The holiday season is comprised of a wonderful mixture of celebrations and traditions: Thanksgiving, Christmas, Hanukkah, Kwanzaa and Festivus (for the rest of us), just to name a few. This joyous season is not only a highlight for families and the community, but also a particularly wonderful time for orchestral musicians like those in the Yakima Symphony Orchestra.
The end of the year presents a wide range of diverse performance opportunities for musicians. One obvious example is the YSO’s recent Holiday Pops Spectacular, which allowed our musicians to present enjoyable repertoire in collaboration with the Yakima Symphony Chorus, Yakima Valley College Choir and Yakima School of Ballet.
Many seminal holiday works actually constitute gigs in and of themselves.
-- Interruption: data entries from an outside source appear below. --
(* There exist universal constants $c_1,c_2,c_3,c_4>0$ and $n_0$ such that for all $n\ge n_0$ and all integers $k$ with $2\le k\le n$, there is a unit-weight graph with at most $n$ vertices on which simultaneously: $c_1k\le\mathsf{OPT}\le c_2k$; $\mathsf{OPT}^{\mathsf{stable}}\ge c_3 n$; and every persuasive signaling scheme (with any finite signal space) has cost at least $c_4\min\{k\sqrt{n},\,n\}$.
   Context: Setting. For a graph on vertex set $V$ with $N=|V|$ vertices, $W$ is a symmetric $\{0,1\}$ matrix with $W_{v,v}=1$ and $W_{u,v}=1$ iff $u,v$ are adjacent (unit-weight graph). A vector $\theta\in\mathbb{R}_{\ge0}^V$ is feasible if $W\theta\ge\mathbf 1$ coordinatewise, and stable if it is feasible and for every $v$, $\theta_v=\min\{x\ge0: x+\sum_{v'\neq v}W_{v,v'}\theta_{v'}\ge1\}$. $\mathsf{OPT}=\min\{\|\theta\|_1:\theta\ge0\text{ feasible}\}$ and $\mathsf{OPT}^{\mathsf{stable}}=\min\{\|\theta\|_1:\theta\text{ stable}\}$. Signaling. There are $N$ agents; the type profile $t$ is a uniformly random bijection $[N]\to V$. A signaling scheme with finite signal space $\Sigma\subset[0,1]$ is a map $\varphi$ assigning to each bijection $t$ a distribution $\varphi(t)$ on $\Sigma^V$; given $t$, $s\sim\varphi(t)$ is drawn and agent $i$ privately receives $s_{t_i}$. For agent $i$, a signal $\theta\in\Sigma$ with $\Pr[s_{t_i}=\theta]>0$ and $x\ge0$, let $Q_i(x\mid\theta)=\mathbb{E}\big[x+\sum_{v'\neq t_i}W_{t_i,v'}s_{v'}\,\big|\,s_{t_i}=\theta\big]$. The scheme is persuasive if for every agent $i$ and every such $\theta$: $Q_i(\theta\mid\theta)\ge1$ and $\theta=\min\{x\ge0:Q_i(x\mid\theta)\ge1\}$. Its cost is $\mathbb{E}[\|s\|_1]$. *)

theory Defs
  imports "HOL-Probability.Probability" "HOL-Combinatorics.Permutations"
begin

definition is_min :: "(real \<Rightarrow> bool) \<Rightarrow> real \<Rightarrow> bool" where
  "is_min P x \<longleftrightarrow> P x \<and> (\<forall>y. P y \<longrightarrow> x \<le> y)"
lemma times_differentiable_on_ln_expsum:
  "times_differentiable_on n {t. 0 < expsum k c b t} (\<lambda>t. ln (expsum k c b t))"
proof (cases n)
  case (Suc m)
  define U where "U = {t. 0 < expsum k c b t}"
  have U: "open U"
    unfolding U_def by (rule open_expsum_pos)
  have "times_differentiable_on m U (\<lambda>t. expsum k (\<lambda>i. c i * b i) b t * inverse (expsum k c b t))"
    by (intro times_differentiable_on_mult times_differentiable_on_inverse U times_differentiable_on_expsum)
       (auto simp: U_def)
  then have "times_differentiable_on m U (deriv (\<lambda>t. ln (expsum k c b t)))"
    by (rule times_differentiable_on_cong[OF U, rotated]) (simp add: U_def deriv_ln_expsum field_simps)
  moreover have "(\<lambda>t. ln (expsum k c b t)) field_differentiable (at t)" if "t \<in> U" for t
    using that unfolding U_def field_differentiable_def
    by (auto intro!: derivative_eq_intros has_field_derivative_expsum)
  ultimately show ?thesis
    using Suc by (simp add: times_differentiable_on_Suc U_def)
qed simp

lemma taylor_coeff_ln_expsum:
  assumes "(\<Sum>i<k. c i) = 1"
  shows "taylor_coeff (\<lambda>t. ln (expsum k c b t)) 1 = (\<Sum>i<k. c i * b i)"
    and "taylor_coeff (\<lambda>t. ln (expsum k c b t)) 2 =
           ((\<Sum>i<k. c i * (b i)\<^sup>2) - (\<Sum>i<k. c i * b i)\<^sup>2) / 2"
proof -
  define P where "P = expsum k c b"
  define P1 where "P1 = expsum k (\<lambda>i. c i * b i) b"
  define U where "U = {t. 0 < P t}"
  have U: "open U"
    unfolding U_def P_def by (rule open_expsum_pos)
  have P0: "P 0 = 1" and P10: "P1 0 = (\<Sum>i<k. c i * b i)"
    and P1'0: "deriv P1 0 = (\<Sum>i<k. c i * (b i)\<^sup>2)"
    using assms by (simp_all add: P_def P1_def deriv_expsum expsum_def power2_eq_square mult_ac)
  have "0 \<in> U" by (simp add: U_def P0)
  have dh: "deriv (\<lambda>t. ln (P t)) t = P1 t / P t" if "t \<in> U" for t
    using that deriv_ln_expsum unfolding U_def P_def P1_def by simp
  show "taylor_coeff (\<lambda>t. ln (expsum k c b t)) 1 = (\<Sum>i<k. c i * b i)"
    using dh[OF \<open>0 \<in> U\<close>] by (simp add: taylor_coeff_def P_def[symmetric] P0 P10)
  have "(deriv ^^ 2) (\<lambda>t. ln (P t)) 0 = deriv (\<lambda>t. P1 t / P t) 0"
    unfolding numeral_2_eq_2 funpow.simps o_apply funpow_0
    by (rule deriv_cong_ev) (use U \<open>0 \<in> U\<close> dh in \<open>auto simp: eventually_nhds\<close>)
  also have "\<dots> = (deriv P1 0 * P 0 - P1 0 * deriv P 0) / (P 0)\<^sup>2"
    using P0 by (intro deriv_divide) (auto simp: P_def P1_def field_differentiable_expsum)
  also have "\<dots> = (\<Sum>i<k. c i * (b i)\<^sup>2) - (\<Sum>i<k. c i * b i)\<^sup>2"
    using deriv_expsum[of k c b] by (simp add: P0 P10 P1'0 power2_eq_square flip: P_def P1_def)
  finally show "taylor_coeff (\<lambda>t. ln (expsum k c b t)) 2 =
      ((\<Sum>i<k. c i * (b i)\<^sup>2) - (\<Sum>i<k. c i * b i)\<^sup>2) / 2"
    by (simp add: taylor_coeff_def P_def)
qed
Consider Tchaikovsky’s “The Nutcracker,” a composition that has enjoyed enormous popularity over the last 50 years and which is regularly performed by ballet companies around the country; similarly, Handel’s “Messiah” provides consistent work for musicians year after year, especially during the holidays. It’s a long-running joke among musicians that Handel has — from the grave — been paying our January rent for hundreds of years.
Moving beyond the symphony, musicians often perform in churches as part of Thanksgiving, Christmas and New Year’s services. Sometimes holiday programs take on a jazzy flair — exemplified here in Yakima by the annual Stan Kenton Jazz Band Christmas concert held every late November or early December at Englewood Christian Church.
Some musicians volunteer their time and talent to spreading holiday cheer. Whether it’s performing pop standards at holiday fundraisers benefiting local nonprofits, or playing Christmas carols outside the local shopping center, there are plenty of opportunities for musicians to share the joy of the season.
One particularly remarkable example of this is TubaChristmas, an annual series of concerts around the world where countless tuba and euphonium players gather to perform holiday jingles for the general public. A fun bit of trivia: The Guinness World Record for largest tuba ensemble is held by the 2018 Kansas City TubaChristmas, hosted by the Kansas City Symphony. Imagine listening to 835(!) tubas and euphoniums belt out “Joy to the World” on The Capitol Theatre stage or in downtown Yakima, the boisterous sound carrying across many city blocks.
For orchestral musicians, the holidays truly are the “most wonderful” time of the year, filled with a multitude of performance opportunities that allow them to share the joy of the season with the community.